APR 16, 2014

Can We Literally Bury Climate Change Components?

WRITTEN BY: Jen Ellis
The newest report from the Intergovernmental Panel on Climate Change (IPCC) paints the bleakest picture yet with respect to climate change and man-made carbon emissions. The report states that even with large cuts in greenhouse gas emissions, the atmospheric carbon dioxide concentration is projected to reach 450 ppm (parts per million), which is a relative threshold to keep the Earth's temperature rise under 2°C by century's end.

Fearing that goals to reduce emissions may be too difficult to achieve (either politically or through technical challenges), IPCC members are considering other methods beyond conversion from fossil fuels.

One of the more interesting proposed methods is to take emissions form dirtier existing technologies, such as coal-burning power plants, and sending the carbonaceous emissions underground for storage.This technology goes by the name Beccs, for Bio-Energy Carbon Capture and Storage.

In the Beccs process, carbon dioxide is captured and converted into a supercritical liquid phase through massive compressors that raise the temperature and pressure above the critical points. The supercritical carbon dioxide is piped down more than one mile below the Earth's surface for permanent storage.

For proper storage, the proper set of geological conditions must be in place-primarily a deep permeable rock formation such as sandstone, with non-porous rock formations above it. Carbon dioxide saturates the sandstone by working its way through all the small pores, yet cannot escape beyond the sandstone because of the non-porous capping layer of rock.

Over many, many years, the entrapped carbon dioxide will eventually be formed into carbonate materials, becoming components of the rock formation.
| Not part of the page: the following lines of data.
lemma claims_tdist:
  assumes "t \<in> claims r v"
  shows "walks V E t v \<noteq> {}" "tdist t v - d v < r" "r \<le> tdist t v"
proof -
  have v: "v \<in> V - T" "v \<notin> region t r" and "\<exists>u \<in> region t r. E u v"
    using assms by (auto simp: claims_def border_def)
  then obtain u W where W: "W \<in> walks V E t u" "cost (set W) < r" "E u v"
    by (auto simp: region_def)
  have W': "W @ [v] \<in> walks V E t v" by (rule walk_snoc[OF W(1) W(3)])
  then show ne: "walks V E t v \<noteq> {}" by blast
  have "cost (set (W @ [v])) \<le> cost (set W) + d v"
    using cost_insert[of "set W" v] v W(1) by (simp add: walks_def)
  then show "tdist t v - d v < r" using tdist_le[OF W'] W(2) by simp
  obtain W0 where "W0 \<in> walks V E t v" "cost (set W0) = tdist t v" using tdist_attained[OF ne] .
  then show "r \<le> tdist t v" using v(2) unfolding region_def by force
qed

lemma weight_le_tdist:
  assumes v: "v \<in> V - T" and ne: "walks V E t v \<noteq> {}"
  shows "d v \<le> tdist t v"
proof -
  obtain W where W: "W \<in> walks V E t v" "cost (set W) = tdist t v" using tdist_attained[OF ne] .
  have "v \<in> set W" using W(1) by (auto simp: walks_def)
  then have "d v \<le> cost (set W)" using v W(1) by (intro cost_ge) (auto simp: walks_def)
  then show ?thesis using W by simp
qed

text \<open>Joining shortest walks from two terminals: the shared end vertex is counted twice.\<close>
lemma tdist_two_terminals:
  assumes v: "v \<in> V - T" and t: "t \<in> T" "t' \<in> T" "t \<noteq> t'"
    and ne: "walks V E t v \<noteq> {}" "walks V E t' v \<noteq> {}"
  shows "1 \<le> tdist t v + tdist t' v - d v"
proof -
  obtain W where W: "W \<in> walks V E t v" "cost (set W) = tdist t v" using tdist_attained[OF ne(1)] .
  obtain W' where W': "W' \<in> walks V E t' v" "cost (set W') = tdist t' v" using tdist_attained[OF ne(2)] .
  let ?A = "set W" and ?B = "set W'"
  have "1 \<le> cost (set (W @ rev W'))" by (rule walk_cost[OF t walk_join[OF W(1) W'(1)]])
  moreover have "cost (?A \<union> ?B) + cost (?A \<inter> ?B) = cost ?A + cost ?B"
  proof -
    have "(?A \<union> ?B) - T = (?A - T) \<union> (?B - T)" "(?A \<inter> ?B) - T = (?A - T) \<inter> (?B - T)" by auto
    then show ?thesis unfolding cost_def by (simp add: sum.union_inter)
  qed
  moreover have "v \<in> ?A \<inter> ?B" "?A \<inter> ?B \<subseteq> V"
    using W(1) W'(1) by (auto simp: walks_def dest: last_in_set)
  then have "d v \<le> cost (?A \<inter> ?B)" using v by (intro cost_ge) auto
  ultimately show ?thesis using W W' by simp
qed

text \<open>For a non-terminal \<open>v\<close> with nearest terminal \<open>t1\<close>, the radii at which \<open>v\<close> is claimed
  once lie in a window of length \<open>\<le> d v\<close> starting at \<open>a\<close>; radii at which it is claimed twice
  lie in both that window and a second one starting at \<open>b\<close>.\<close>
lemma claims_window:
  assumes v: "v \<in> V - T" and t1: "t1 \<in> T" "walks V E t1 v \<noteq> {}"
    and t1_min: "\<And>t. t \<in> T \<Longrightarrow> walks V E t v \<noteq> {} \<Longrightarrow> tdist t1 v \<le> tdist t v"
    and r: "0 < r" "r \<le> 1/2"
    and a_eq: "a = tdist t1 v - d v" and b_eq: "b = max a (1 - d v - a)"
  shows "2 * rounded r v
     \<le> indicator {a<..max a (min (a + d v) (1/2))} r + indicator {b<..max b (1/2)} r"
proof (cases "\<exists>t \<in> claims r v. t \<noteq> t1")
  case True
  then obtain t where t: "t \<in> claims r v" "t \<noteq> t1" by blast
  note t_dist = claims_tdist[OF t(1)]
  have tT: "t \<in> T" using t(1) by (simp add: claims_def)
  have sep: "1 \<le> tdist t1 v + tdist t v - d v"
    by (rule tdist_two_terminals[OF v t1(1) tT t(2)[symmetric] t1(2) t_dist(1)])
  have closer: "tdist t1 v \<le> tdist t v" by (rule t1_min[OF tT t_dist(1)])
  have "a < r" "r \<le> a + d v" "1 - d v - a < r"
    using sep closer t_dist(2,3) r unfolding a_eq by linarith+
  then have "r \<in> {a<..max a (min (a + d v) (1/2))}" "r \<in> {b<..max b (1/2)}"
    using r unfolding b_eq by (simp_all add: le_max_iff_disj)
  moreover have "rounded r v \<le> 1" by (simp add: rounded_def)
  ultimately show ?thesis by simp
next
  case False
  then have "claims r v \<subseteq> {t1}" by blast
  then consider "claims r v = {}" | "claims r v = {t1}" by blast
  then show ?thesis
  proof cases
    case 2
    then have "t1 \<in> claims r v" by simp
    note t1_dist = claims_tdist[OF this]
    have "a < r" "r \<le> a + d v" using t1_dist(2,3) unfolding a_eq by linarith+
    then have "r \<in> {a<..max a (min (a + d v) (1/2))}"
      using r by (simp add: le_max_iff_disj)
    then show ?thesis using 2 v by (simp add: rounded_def)
  qed (simp add: rounded_def)
qed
While the technology is unproven on larger scale, pilot operations are underway-including one plant in Illinois that stores carbon dioxide effluent from ethanol production facilities. In this case, there is a convenient natural saline aquifer layer that is ready-made to accept carbon dioxide.

Aside from the potential for unintended consequences of underground storage, this technology faces some significant hurdles for the implementation level needed to have a worldwide impact.

For starters, the geology near carbon dioxide producers may not be suitable for storage nearby. The further the generation source is from the storage area, the more that traditional energy will be consumed in transport.

In terms of energy, one also has to consider the power consumed by the compressors and injection equipment. For worldwide operations, this would not be a trivial number, and the challenge would be to power these systems with the cleanest energy possible to maximize the reduction of carbon dioxide emissions.

Finally, there are enormous economic and political hurdles. There aren't any serious efforts to commit the land and the capital funds necessary to run this technology on an industrial scale. With no usable end product (since this is effectively a waste disposal process), the finances will almost certainly come from governments instead of private industry.

Even with all these hurdles, the IPCC is continuing to study these efforts-because projections indicate that without Beccs or a similar mitigation system we are unlikely to stay under the 2°C threshold for worldwide temperature rise. If these projections are right, we must hope that Beccs or another mitigation technology succeeds-and soon.